Piccione et al. (2006) also tested a four-choice P300 paradigm with seven healthy volunteers and five individuals with tetraplegia, including one individual with ALS. In this paradigm, the participants attended to one of four flashing arrows to indicate which direction they wished to move a cursor: up, down, left, or right. Hoffman et al. (2007) tested a six-choice visual paradigm that allowed four healthy volunteers and five people severely disabled by ALS to select among icons representing four devices, a door, and a window.
Recently, Sellers et al. (2006b) presented preliminary data from subjects A and B in this study to illustrate their P300 response during successful use of the 6×6 matrix speller. The present study was designed to extend those encouraging initial findings by studying a larger group of individuals with ALS, evaluating the stability of their BCI performance in repeated sessions over a prolonged period of time, and by determining if an ALS population could use a P300-based matrix speller to communicate spontaneous words and phrases.
Eight individuals with amyotrophic lateral sclerosis (ALS), who were severely paralyzed (ALS-FRS score of 12±8), provided informed consent for the study.

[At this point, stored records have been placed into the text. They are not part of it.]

lemma poly_residue_add_tquot: "[:coeff p 0:] + tP * ((p + [:coeff p 0:]) div tP) = p"
proof -
  obtain a u where p: "p = pCons a u"
    by (cases p) auto
  then have "p + [:coeff p 0:] = tP * u" "[:coeff p 0:] + tP * u = p"
    by (simp_all add: pCons_0_eq_tP_mult[symmetric])
  then show ?thesis
    by simp
qed

lemma residue_add_tquot: "f = addR (residue f) (smulR tP (tquot f))"
  using poly_residue_add_tquot[of "fst f"] poly_residue_add_tquot[of "snd f"]
  by (simp add: addR_def residue_def smulR_def tquot_def tdiv_def)

lemma tquot_add_smulR_tP: "tquot (addR f (smulR tP u)) = addR (tquot f) u"
proof -
  have "tquot (addR f (smulR tP u)) = tdiv (addR (addR f (residue f)) (smulR tP u))"
    by (simp add: tquot_def residue_add_smulR_tP) (simp add: addR_def algebra_simps)
  also have "\<dots> = addR (tquot f) u"
    by (simp add: tquot_def tdiv_def addR_def smulR_def mult.commute[of tP])
  finally show ?thesis .
qed

lemma Tmap_eq_tquot:
  assumes "residue m = xR"
  shows "Tmap m f = tquot (if residue f = onexR then mulR m f else f)"
proof (cases "residue f = onexR")
  case True
  with assms have "residue (mulR m f) = onexR"
    by (auto simp: residue_def xR_def onexR_def)
  with True show ?thesis
    by (simp add: Tmap_def tquot_def)
next
  case False
  then have "residue f \<in> {xR, oneR, zeroR}"
    using residue_in_digits[of f] by (auto simp: digits_def)
  with False show ?thesis
    by (auto simp: Tmap_def tquot_def addR_def zeroR_def xR_def oneR_def onexR_def)
qed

The study was approved by the Ethical Review Board of the Medical Faculty of the University of Tübingen in Germany. All participants were tested in their home environment. Six individuals completed Phase I of the study in which they copy-spelled 51 characters in each of 12 experimental sessions (described below in section 2.5). A seventh individual was excluded because our algorithm failed to detect a reliable difference in his EEG between the desired character and all other characters while he performed the copy-spelling task. An eighth individual withdrew after eight copy-spelling sessions when persistent electrical noise in the home environment prolonged set-up and data-collection time. Four individuals who completed Phase I also completed Phase II of the study. In Phase II, participants performed a brief copy-spelling session followed by free-spelling that allowed them to produce original and spontaneous messages. All demographics are included in Table 1.

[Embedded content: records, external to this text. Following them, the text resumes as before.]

lemma second_moment_V_N:
  assumes "prob_space M" and "centered_gaussian_process M X {0..1} C"
    and "\<And>x y. C x y = C y x" and nz: "\<And>i. i \<in> {1..N} \<Longrightarrow> increment_cov C N i i \<noteq> 0"
  shows "(LINT \<omega>|M. (V_N M X N \<omega>)^2) = (1/(real N - 1))^2 *
     (\<Sum>i\<in>{1..N}. \<Sum>j\<in>{1..N}. 2 * (increment_cov C N i j)^2 / (increment_cov C N i i * increment_cov C N j j))"
proof -
  define F where "F i \<omega> = (U_alpha X N i \<omega>)^2 / increment_cov C N i i - 1" for i \<omega>
  note FF = normalized_increment_sq_cov[OF assms(1-3) _ _ nz nz, folded F_def]
  have "V_N M X N \<omega> = (1/(real N - 1)) * (\<Sum>i\<in>{1..N}. F i \<omega>)" for \<omega>
    unfolding V_N_def F_def using increment_sq_moment(2)[OF assms(1-3)] by simp
  then have "(V_N M X N \<omega>)^2 = (1/(real N - 1))^2 * (\<Sum>i\<in>{1..N}. \<Sum>j\<in>{1..N}. F i \<omega> * F j \<omega>)" for \<omega>
    by (simp add: power_mult_distrib power2_eq_square sum_product)
  moreover have "(LINT \<omega>|M. (\<Sum>i\<in>{1..N}. \<Sum>j\<in>{1..N}. F i \<omega> * F j \<omega>))
      = (\<Sum>i\<in>{1..N}. \<Sum>j\<in>{1..N}. LINT \<omega>|M. F i \<omega> * F j \<omega>)"
    using FF(1) by (subst Bochner_Integration.integral_sum)
      (auto intro!: sum.cong Bochner_Integration.integral_sum Bochner_Integration.integrable_sum)
  ultimately have "(LINT \<omega>|M. (V_N M X N \<omega>)^2) = (1/(real N - 1))^2 * (\<Sum>i\<in>{1..N}. \<Sum>j\<in>{1..N}. LINT \<omega>|M. F i \<omega> * F j \<omega>)"
    by simp
  also have "\<dots> = (1/(real N - 1))^2 *
     (\<Sum>i\<in>{1..N}. \<Sum>j\<in>{1..N}. 2 * (increment_cov C N i j)^2 / (increment_cov C N i i * increment_cov C N j j))"
    using FF(2) by simp
  finally show ?thesis .
qed

lemma double_sum_abs_diff:
  fixes f :: "nat \<Rightarrow> real"
  shows "(\<Sum>i\<in>{1..N}. \<Sum>j\<in>{1..N}. f (nat \<bar>int i - int j\<bar>)) = real N * f 0 + 2 * (\<Sum>m=1..N. (real N - real m) * f m)"
proof (induction N)
  case 0 then show ?case by simp
next
  case (Suc N)
  have border: "(\<Sum>j\<in>{1..N}. f (nat \<bar>int (Suc N) - int j\<bar>)) = (\<Sum>m\<in>{1..N}. f m)"
    "(\<Sum>i\<in>{1..N}. f (nat \<bar>int i - int (Suc N)\<bar>)) = (\<Sum>m\<in>{1..N}. f m)"
    by (subst sum.atLeastAtMost_rev[of f 1 N, simplified add.commute], intro sum.cong refl arg_cong[where f=f],
        simp add: atLeastAtMost_iff; arith)+
  have "(\<Sum>i\<in>{1..Suc N}. \<Sum>j\<in>{1..Suc N}. f (nat \<bar>int i - int j\<bar>)) =
      (\<Sum>i\<in>{1..N}. \<Sum>j\<in>{1..N}. f (nat \<bar>int i - int j\<bar>)) + (\<Sum>i\<in>{1..N}. f (nat \<bar>int i - int (Suc N)\<bar>))
      + (\<Sum>j\<in>{1..N}. f (nat \<bar>int (Suc N) - int j\<bar>)) + f 0"
    by (simp add: sum.distrib)
  moreover have "(\<Sum>m=1..Suc N. (real (Suc N) - real m) * f m) = (\<Sum>m=1..N. (real N - real m) * f m) + (\<Sum>m=1..N. f m)"
    by (simp add: sum.distrib[symmetric] algebra_simps)
  ultimately show ?case unfolding border Suc.IH by (simp add: algebra_simps)
qed

section \<open>Increments of the wave solution\<close>

definition u_profile :: "real \<Rightarrow> real \<Rightarrow> real \<Rightarrow> real" where
  "u_profile H t x = c_H H * x powr (2*H+1) - (t/2) * x powr (2*H)"

lemma increment_cov_u_cov:
  assumes "N > 0"
  shows "increment_cov (u_cov H t) N i j = (1/2) * (2 * u_profile H t (\<bar>real i - real j\<bar> / real N)
      - u_profile H t (\<bar>real i - real j + 1\<bar> / real N) - u_profile H t (\<bar>real i - real j - 1\<bar> / real N))"
proof -
  have "\<bar>x / real N - y / real N\<bar> = \<bar>x - y\<bar> / real N" for x y
    using assms by (simp add: diff_divide_distrib[symmetric] abs_divide)
  then show ?thesis
    unfolding increment_cov_def u_cov_def u_profile_def by (simp add: algebra_simps)
qed

lemma u_profile_scale:
  assumes "real N > 0" "x \<ge> 0"
  shows "u_profile H t (x / real N) = (c_H H * x powr (2*H+1) / real N - (t/2) * x powr (2*H)) / real N powr (2*H)"
proof -
  have "real N powr (2*H+1) = real N powr (2*H) * real N" using assms by (simp add: powr_add)
  then show ?thesis unfolding u_profile_def using assms by (simp add: powr_divide field_simps)
qed

text \<open>\<open>N powr (2*H)\<close> times the covariance of two increments of u at lag \<open>m\<close>. Lag 0 is a separate
  branch: there \<open>second_diff_powr\<close> would involve \<open>(-1) powr p\<close>, which is junk.\<close>
definition u_increment_cov :: "real \<Rightarrow> real \<Rightarrow> nat \<Rightarrow> nat \<Rightarrow> real" where
  "u_increment_cov H t N m = (if m = 0 then t/2 - c_H H / real N
      else (t/4) * second_diff_powr (2*H) m - (c_H H/2) * second_diff_powr (2*H+1) m / real N)"

lemma increment_cov_u_cov_lag:
  assumes N: "N > 0"
  shows "increment_cov (u_cov H t) N i j = u_increment_cov H t N (nat \<bar>int i - int j\<bar>) / real N powr (2*H)"
proof -
  have Np: "real N > 0" using N by simp
  define m where "m = nat \<bar>int i - int j\<bar>"
  have "\<bar>real i - real j\<bar> = real m" unfolding m_def by linarith
  moreover have "u_profile H t (\<bar>real i - real j + 1\<bar> / real N) + u_profile H t (\<bar>real i - real j - 1\<bar> / real N)
      = u_profile H t ((real m + 1) / real N) + u_profile H t (\<bar>real m - 1\<bar> / real N)"
  proof -
    have "real i - real j = real m \<or> real i - real j = - real m" unfolding m_def by linarith
    then show ?thesis
    proof
      assume "real i - real j = - real m"
      moreover have "\<bar>- real m + 1\<bar> = \<bar>real m - 1\<bar>" "\<bar>- real m - 1\<bar> = real m + 1" by linarith+
      ultimately show ?thesis by (simp add: add.commute)
    qed simp
  qed
  ultimately have "increment_cov (u_cov H t) N i j = (1/2) * (2 * u_profile H t (real m / real N)
      - u_profile H t ((real m + 1) / real N) - u_profile H t (\<bar>real m - 1\<bar> / real N))"
    unfolding increment_cov_u_cov[OF N] by simp
  also have "\<dots> = u_increment_cov H t N m / real N powr (2*H)"
    using Np by (cases "m = 0") (simp_all add: u_profile_scale u_increment_cov_def second_diff_powr_def field_simps,
      simp add: u_profile_def)
  finally show ?thesis unfolding m_def .
qed

lemma u_increment_cov_zero_pos:
  assumes "H \<ge> 1/4" "t > 1" "N \<ge> 1"
  shows "u_increment_cov H t N 0 > 0"
proof -
  have "0 \<le> c_H H" "c_H H < 1/2" using assms(1) unfolding c_H_def by (simp_all add: field_simps)
  moreover have "c_H H * 1 \<le> c_H H * real N" using \<open>0 \<le> c_H H\<close> assms(3) by (intro mult_left_mono) auto
  then have "c_H H / real N \<le> c_H H" using assms(3) by (simp add: divide_le_eq)
  ultimately have "c_H H / real N < t/2" using assms(2) by linarith
  then show ?thesis unfolding u_increment_cov_def by simp
qed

We conducted the study in two phases. In Phase I, each participant completed 2 calibration sessions followed by 10 copy-spelling sessions over 6 – 14 weeks. In copy-spelling sessions, the computer prompts the user with text to copy character by character (Kübler et al., 2001). We sought to demonstrate three important principles. First, that the P300 response to a desired character compared to all other characters in an n × n matrix could be detected reliably in individuals with ALS - with a minimum of 70% accuracy as a predictor for satisfactory communication (Choularton and Dale, 2004; for further discussion of why a minimal accuracy of 70% is required for satisfactory BCI control see Sellers et al, 2006a). Second, that accuracy does not change significantly over time. In this study, we examined performance over the course of 10 sessions using a matrix-spelling task. Third, that over time P300 amplitude does not decline nor does P300 latency substantially change. While amplitude decline would ultimately cause the system to fail, amplitude and/or latency changes, while requiring periodic updates in the system, would not necessarily compromise BCI performance.

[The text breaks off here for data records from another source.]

(* In the setting of the FedSLoP algorithm (see context), under Assumptions A1 and A2, suppose $$\eta\le\min\Big\{\sqrt{\tfrac{1-\mu^2}{6L^2\tau^3}},\ \tfrac{1}{LS_\tau}\Big\}.$$ Then for every round $t$, $$\mathbb{E}_t[f(\theta^{t+1})]\le f(\theta^t)-\Big(\frac{\underline{\delta}}{2}\eta S_\tau-\frac{12L^2\tau^4\eta^3}{(1-\mu)(1-\mu^2)}\Big)\|\nabla f(\theta^t)\|^2+\frac{\eta^2S_\tau^2L\sigma_L^2}{N}+\frac{12L^2\tau^4\eta^3}{\underline{\delta}(1-\mu)(1-\mu^2)}(\sigma_L^2+\sigma_G^2).$$
   Context: Setting. Let $d,N,\tau$ be positive integers, $r$ an integer with $1\le r\le d$, $\underline{\delta}:=r/d\in(0,1]$, $\mu\in[0,1)$, $\eta>0$, $L>0$. Let $F_1,\dots,F_N:\mathbb{R}^d\to\mathbb{R}$ be differentiable and $f(\theta):=\frac1N\sum_{i=1}^N F_i(\theta)$. Assumption A1: $f$ is bounded below by $f_*>-\infty$, and $f$ and every $F_i$ are $L$-smooth (gradients $L$-Lipschitz). Assumption A2: each stochastic gradient $g_{i,s}=\nabla F_i(\theta_{i,s};\xi_{i,s})$ computed by the algorithm satisfies, conditionally on all randomness generated before it (including $\Pi_t$ and $\theta_{i,s}$), $\mathbb{E}[g_{i,s}]=\nabla F_i(\theta_{i,s})$ and $\mathbb{E}\|g_{i,s}-\nabla F_i(\theta_{i,s})\|^2\le\sigma_L^2$, the minibatch samples of different clients are conditionally independent; and $\|\nabla F_i(\theta)-\nabla f(\theta)\|^2\le\sigma_G^2$ for all $i$ and all $\theta\in\mathbb{R}^d$. Algorithm (FedSLoP, full participation). Start from $\theta^0\in\mathbb{R}^d$. In each round $t=0,1,\dots$: sample $P_t$ from the Haar (uniform, $O(d)$-invariant) distribution on $\mathrm{St}(d,r)=\{P\in\mathbb{R}^{d\times r}:P^\top P=I_r\}$, independently of all past randomness and of data sampling, and set $\Pi_t=P_tP_t^\top$. Each client $i=1,\dots,N$ sets $\theta_{i,0}=\theta^t$, $v_{i,0}=0$, and for $s=0,\dots,\tau-1$: $v_{i,s+1}=\mu v_{i,s}+\Pi_t g_{i,s}$, $\theta_{i,s+1}=\theta_{i,s}-\eta v_{i,s+1}$. The server sets $\theta^{t+1}=\theta^t+\frac1N\sum_{i=1}^N(\theta_{i,\tau}-\theta^t)$. Notation. $\mathbb{E}_t[\cdot]$ is the conditional expectation given $\theta^t$ and all randomness up to the start of round $t$ (so it averages over $\Pi_t$ and the round-$t$ minibatches). The momentum weights are $\alpha_{\tau,q}:=(1-\mu^{\tau-q})/(1-\mu)$ for $q=0,\dots,\tau-1$, and $S_\tau:=\sum_{q=0}^{\tau-1}\alpha_{\tau,q}$. *)

theory Defs
  imports "HOL-Analysis.Analysis" "HOL-Probability.Probability"
begin

definition stiefel :: "(real^'r^'d) set" where
  "stiefel = {P. transpose P ** P = mat 1}"

definition haar_stiefel :: "(real^'r^'d) measure \<Rightarrow> bool" where
  "haar_stiefel Q \<longleftrightarrow> prob_space Q \<and> sets Q = sets borel \<and> stiefel \<in> sets Q \<and>
     emeasure Q stiefel = 1 \<and>
     (\<forall>U::real^'d^'d. orthogonal_matrix U \<longrightarrow> distr Q borel (\<lambda>P. U ** P) = Q)"

text \<open>Local FedSLoP client iteration with projection Pi, step eta, momentum mu, stochastic
  gradient sequence g (g s = g_{i,s}), start theta0.  Returns (theta_{i,s}, v_{i,s}).\<close>
fun local_iter :: "real \<Rightarrow> real \<Rightarrow> real^'d^'d \<Rightarrow> (nat \<Rightarrow> real^'d) \<Rightarrow> real^'d \<Rightarrow> nat
    \<Rightarrow> (real^'d) \<times> (real^'d)" where
  "local_iter \<eta> \<mu> Proj g \<theta>0 0 = (\<theta>0, 0)"
| "local_iter \<eta> \<mu> Proj g \<theta>0 (Suc s) =
     (let v' = \<mu> *\<^sub>R snd (local_iter \<eta> \<mu> Proj g \<theta>0 s) + Proj *v g s
      in (fst (local_iter \<eta> \<mu> Proj g \<theta>0 s) - \<eta> *\<^sub>R v', v'))"

definition alpha_w :: "real \<Rightarrow> nat \<Rightarrow> nat \<Rightarrow> real" where
  "alpha_w \<mu> \<tau> q = (1 - \<mu> ^ (\<tau> - q)) / (1 - \<mu>)"

definition S_tau :: "real \<Rightarrow> nat \<Rightarrow> real" where
  "S_tau \<mu> \<tau> = (\<Sum>q<\<tau>. alpha_w \<mu> \<tau> q)"

definition L_smooth :: "real \<Rightarrow> ('a::real_inner \<Rightarrow> real) \<Rightarrow> ('a \<Rightarrow> 'a) \<Rightarrow> bool" where
  "L_smooth L h gh \<longleftrightarrow> (\<forall>x. GDERIV h x :> gh x) \<and> (\<forall>x y. norm (gh x - gh y) \<le> L * norm (x - y))"

text \<open>Information available when g_{i,s} is computed: the projection P and all stochastic
  gradients of client i from earlier local steps, together with all stochastic gradients of
  the other clients.\<close>
definition info_sigma :: "'w measure \<Rightarrow> ('w \<Rightarrow> real^'r^'d) \<Rightarrow> (nat \<Rightarrow> nat \<Rightarrow> 'w \<Rightarrow> real^'d)
    \<Rightarrow> nat \<Rightarrow> nat \<Rightarrow> nat \<Rightarrow> nat \<Rightarrow> 'w measure" where
  "info_sigma M P g N \<tau> i s = sigma (space M)
     ({P -` A \<inter> space M | A. A \<in> sets borel} \<union>
      {g j s' -` A \<inter> space M | j s' A. j < N \<and> s' < \<tau> \<and> (j \<noteq> i \<or> s' < s) \<and> A \<in> sets borel})"

end

theory Submission
  imports Defs
begin

text \<open>Unrolling the heavy-ball recursion, client \<open>i\<close> moves by \<open>-\<eta> \<Pi> \<Sum>\<^sub>q \<alpha>\<^sub>q g\<^sub>i\<^sub>,\<^sub>q\<close>, so the
  server step is \<open>-\<eta> \<Pi> (S a + b)\<close>, where \<open>a\<close> averages the exact gradients
  \<open>\<nabla>F\<^sub>i(\<theta>\<^sub>i\<^sub>,\<^sub>q)\<close> and \<open>b\<close> averages the gradient noises, both with weights \<open>\<alpha>\<^sub>q\<close>.
  The descent lemma for \<open>f\<close>, together with \<open>\<Pi>\<close> being an orthogonal projection and
  \<open>L \<eta> S \<le> 1\<close>, bounds \<open>f(\<theta>\<^sup>t\<^sup>+\<^sup>1)\<close> pointwise by
  \<open>f(\<theta>\<^sup>t) - \<eta>S/2 \<langle>\<nabla>f, \<Pi>\<nabla>f\<rangle> + \<eta>S \<parallel>a - \<nabla>f\<parallel>\<^sup>2 + (linear in b) + L\<eta>\<^sup>2 \<parallel>b\<parallel>\<^sup>2\<close>.
  Taking expectations: invariance of the Haar measure under coordinate reflections and swaps
  gives \<open>E \<Pi> = (r/d) I\<close>; the noises are martingale differences for the information
  \<open>\<sigma>\<close>-algebras, so the linear term vanishes and the noises are orthogonal in \<open>L\<^sup>2\<close>;
  and \<open>\<parallel>a - \<nabla>f\<parallel>\<^sup>2\<close> is controlled by the client drift \<open>E \<parallel>\<theta>\<^sub>i\<^sub>,\<^sub>q - \<theta>\<^sup>t\<parallel>\<^sup>2\<close>, which a
  strong induction over \<open>q\<close> bounds using \<open>6 L\<^sup>2 \<tau>\<^sup>3 \<eta>\<^sup>2 \<le> 1 - \<mu>\<^sup>2\<close>.\<close>

section \<open>Smooth functions and elementary inequalities\<close>

lemma GDERIV_has_real_derivative_along_line:
  fixes h :: "'a::real_inner \<Rightarrow> real"
  assumes "\<And>y. GDERIV h y :> gh y"
  shows "((\<lambda>t. h (x + t *\<^sub>R u)) has_real_derivative (gh (x + t *\<^sub>R u) \<bullet> u)) (at t)"
proof -
  have h: "(h has_derivative (\<lambda>v. v \<bullet> gh (x + t *\<^sub>R u))) (at (x + t *\<^sub>R u))"
    using assms unfolding gderiv_def by simp
  have line: "((\<lambda>t. x + t *\<^sub>R u) has_derivative (\<lambda>s. s *\<^sub>R u)) (at t)"
    by (auto intro!: derivative_eq_intros)
  show ?thesis
    using has_derivative_compose[OF line h] unfolding has_field_derivative_def
    by (rule has_derivative_eq_rhs) (auto simp: inner_commute fun_eq_iff)
qed

lemma L_smooth_upper_bound:
  fixes h :: "'a::real_inner \<Rightarrow> real"
  assumes "L_smooth L h gh"
  shows "h (x + u) \<le> h x + gh x \<bullet> u + L / 2 * (norm u)\<^sup>2"
proof -
  have der: "\<And>y. GDERIV h y :> gh y" and lip: "\<And>a b. norm (gh a - gh b) \<le> L * norm (a - b)"
    using assms unfolding L_smooth_def by auto
  define \<phi> where "\<phi> t = h (x + t *\<^sub>R u) - t * (gh x \<bullet> u) - L / 2 * t\<^sup>2 * (norm u)\<^sup>2" for t
  define \<phi>' where "\<phi>' t = gh (x + t *\<^sub>R u) \<bullet> u - gh x \<bullet> u - L * t * (norm u)\<^sup>2" for t
  have "(\<phi> has_real_derivative \<phi>' t) (at t)" for t
    unfolding \<phi>_def \<phi>'_def
    by (rule derivative_eq_intros GDERIV_has_real_derivative_along_line[OF der] refl)+ simp
  then obtain z where z: "0 < z" "z < 1" "\<phi> 1 - \<phi> 0 = \<phi>' z"
    using MVT2[of 0 1 \<phi> \<phi>'] by auto
  have "\<phi>' z = (gh (x + z *\<^sub>R u) - gh x) \<bullet> u - L * z * (norm u)\<^sup>2"
    unfolding \<phi>'_def by (simp add: inner_diff_left)
  also have "\<dots> \<le> norm (gh (x + z *\<^sub>R u) - gh x) * norm u - L * z * (norm u)\<^sup>2"
    using norm_cauchy_schwarz[of "gh (x + z *\<^sub>R u) - gh x" u] by linarith
  also have "\<dots> \<le> L * norm (z *\<^sub>R u) * norm u - L * z * (norm u)\<^sup>2"
    using lip[of "x + z *\<^sub>R u" x] by (simp add: mult_right_mono)
  also have "\<dots> = 0" using z by (simp add: power2_eq_square)
  finally have "\<phi> 1 \<le> \<phi> 0" using z by simp
  then show ?thesis unfolding \<phi>_def by simp
qed

lemma L_smooth_uminus:
  assumes "L_smooth L h gh"
  shows "L_smooth L (\<lambda>x. - h x) (\<lambda>x. - gh x)"
proof -
  have "((\<lambda>x. - h x) has_derivative (\<lambda>v. v \<bullet> - gh y)) (at y)" for y
    using has_derivative_minus[of h "\<lambda>v. v \<bullet> gh y" "at y"] assms
    unfolding L_smooth_def gderiv_def by simp
  moreover have "norm (- gh x - - gh y) = norm (gh x - gh y)" for x y
    by (simp add: norm_minus_commute)
  ultimately show ?thesis
    using assms unfolding L_smooth_def gderiv_def by simp
qed

lemma L_smooth_lower_bound:
  fixes h :: "'a::real_inner \<Rightarrow> real"
  assumes "L_smooth L h gh"
  shows "h x + gh x \<bullet> u - L / 2 * (norm u)\<^sup>2 \<le> h (x + u)"
  using L_smooth_upper_bound[OF L_smooth_uminus[OF assms], of x u] by simp

lemma L_smooth_abs_le:
  fixes h :: "'a::real_inner \<Rightarrow> real"
  assumes "L_smooth L h gh"
  shows "\<bar>h (x + u) - h x - gh x \<bullet> u\<bar> \<le> L / 2 * (norm u)\<^sup>2"
  using L_smooth_upper_bound[OF assms, of x u] L_smooth_lower_bound[OF assms, of x u]
  by (intro abs_leI) linarith+

lemma L_smooth_continuous:
  assumes "L_smooth L h gh"
  shows "continuous_on UNIV h"
  using assms unfolding L_smooth_def gderiv_def
  by (auto intro!: continuous_at_imp_continuous_on has_derivative_continuous)

lemma L_smooth_gradient_continuous:
  assumes "L_smooth L h gh" "0 \<le> L"
  shows "continuous_on UNIV gh"
  using assms unfolding L_smooth_def
  by (intro lipschitz_on_continuous_on[of L]) (auto simp: lipschitz_on_def dist_norm)

lemma one_minus_square_pos:
  fixes \<mu> :: real
  assumes "0 \<le> \<mu>" "\<mu> < 1"
  shows "0 < 1 - \<mu>\<^sup>2"
proof -
  have "\<mu>\<^sup>2 \<le> \<mu>" using assms by (simp add: power2_eq_square mult_left_le_one_le)
  then show ?thesis using assms by linarith
qed

lemma norm_add_squared_le_weighted:
  fixes a b :: "'a::real_inner"
  assumes "0 < c"
  shows "(norm (a + b))\<^sup>2 \<le> (1 + c) * (norm a)\<^sup>2 + (1 + 1 / c) * (norm b)\<^sup>2"
proof -
  have "2 * (a \<bullet> b) \<le> 2 * (norm a * norm b)"
    using norm_cauchy_schwarz by simp
  also have "\<dots> \<le> c * (norm a)\<^sup>2 + (1 / c) * (norm b)\<^sup>2"
  proof -
    have "0 \<le> (c * norm a - norm b)\<^sup>2 / c" using assms by simp
    also have "\<dots> = c * (norm a)\<^sup>2 + (1 / c) * (norm b)\<^sup>2 - 2 * (norm a * norm b)"
      using assms by (simp add: power2_eq_square field_simps)
    finally show ?thesis by simp
  qed
  finally show ?thesis
    by (simp add: power2_norm_eq_inner inner_add_left inner_add_right inner_commute algebra_simps)
qed

lemma norm_add_squared_le:
  fixes a b :: "'a::real_inner"
  shows "(norm (a + b))\<^sup>2 \<le> 2 * (norm a)\<^sup>2 + 2 * (norm b)\<^sup>2"
  using norm_add_squared_le_weighted[of 1 a b] by simp

lemma norm_add4_squared_le:
  fixes a b c d :: "'a::real_inner"
  shows "(norm (a + b + c + d))\<^sup>2 \<le> 4 * ((norm a)\<^sup>2 + (norm b)\<^sup>2 + (norm c)\<^sup>2 + (norm d)\<^sup>2)"
  using norm_add_squared_le[of "a + b" "c + d"] norm_add_squared_le[of a b] norm_add_squared_le[of c d]
  by (simp add: add.assoc)

lemma norm_scaleR_add_squared_le:
  fixes v x :: "'a::real_inner"
  assumes "0 \<le> \<mu>" "\<mu> < 1"
  shows "(norm (\<mu> *\<^sub>R v + x))\<^sup>2 \<le> (norm v)\<^sup>2 + (norm x)\<^sup>2 / (1 - \<mu>\<^sup>2)"
proof (cases "\<mu> = 0")
  case False
  then have "0 < \<mu>" using assms by simp
  have m2: "0 < 1 - \<mu>\<^sup>2" using one_minus_square_pos[OF assms] .
  have "(norm (\<mu> *\<^sub>R v + x))\<^sup>2
      \<le> (1 + (1 / \<mu>\<^sup>2 - 1)) * (norm (\<mu> *\<^sub>R v))\<^sup>2 + (1 + 1 / (1 / \<mu>\<^sup>2 - 1)) * (norm x)\<^sup>2"
    using \<open>0 < \<mu>\<close> m2 by (intro norm_add_squared_le_weighted) (simp add: field_simps)
  also have "\<dots> = (norm v)\<^sup>2 + (norm x)\<^sup>2 / (1 - \<mu>\<^sup>2)"
    using \<open>0 < \<mu>\<close> m2 by (simp add: power_mult_distrib field_simps)
  finally show ?thesis .
qed simp

lemma norm_weighted_sum_squared_le:
  fixes x :: "'i \<Rightarrow> 'a::real_inner"
  assumes "finite I" "\<And>i. i \<in> I \<Longrightarrow> 0 \<le> w i"
  shows "(norm (\<Sum>i\<in>I. w i *\<^sub>R x i))\<^sup>2 \<le> (\<Sum>i\<in>I. w i) * (\<Sum>i\<in>I. w i * (norm (x i))\<^sup>2)"
proof -
  have "norm (\<Sum>i\<in>I. w i *\<^sub>R x i) \<le> (\<Sum>i\<in>I. sqrt (w i) * (sqrt (w i) * norm (x i)))"
    using norm_sum[of "\<lambda>i. w i *\<^sub>R x i" I] assms
    by (simp add: abs_of_nonneg real_sqrt_mult_self mult.assoc[symmetric])
  then have "(norm (\<Sum>i\<in>I. w i *\<^sub>R x i))\<^sup>2 \<le> (\<Sum>i\<in>I. sqrt (w i) * (sqrt (w i) * norm (x i)))\<^sup>2"
    by (simp add: power_mono)
  also have "\<dots> \<le> (\<Sum>i\<in>I. (sqrt (w i))\<^sup>2) * (\<Sum>i\<in>I. (sqrt (w i) * norm (x i))\<^sup>2)"
    by (rule Cauchy_Schwarz_ineq_sum)
  also have "\<dots> = (\<Sum>i\<in>I. w i) * (\<Sum>i\<in>I. w i * (norm (x i))\<^sup>2)"
    using assms by (simp add: power_mult_distrib)
  finally show ?thesis .
qed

In Phase II, each subject completed at least 10 free-spelling sessions over 17 – 40 weeks. In a free-spelling session, participants choose characters at will (Kübler et al., 2001). Therefore, Phase II provided and initial test of BCI usefulness: can a BCI be used for independent communication by individuals who are severely disabled?
All aspects of data collection and experimental design were controlled by the BCI2000 software system (Schalk et al., 2004). The EEG was recorded with Ag/AgCl electrodes in a 16-channel cap (Electro-Cap International) (Fp1, Fp2, F3, Fz, F4, T7, T8, C3, Cz, C4, Cp3, Cp4, P3, Pz, P4, and Oz) according to the modified international 10–20 system (Jaspers, 1958). In Phase II, electrodes Po7 and Po8 were substituted for Fp1 and Fp2. Each channel was referenced to the right earlobe and grounded to the right mastoid. Impedances were kept below 5 kΩ. The EEG was amplified (x 20,000) with a g-tec USB amplifier, bandpass filtered between 0.01–70 Hz, and sampled at 240 Hz. Data processing, storage, and on-line display of the EEG were implemented using an IBM Thinkpad (Pentium 4 M 1.6 GHz, 512 MB RAM, Windows XP SP2). The matrix was displayed to the participant on a separate 43-cm video screen with a 60-Hz refresh rate.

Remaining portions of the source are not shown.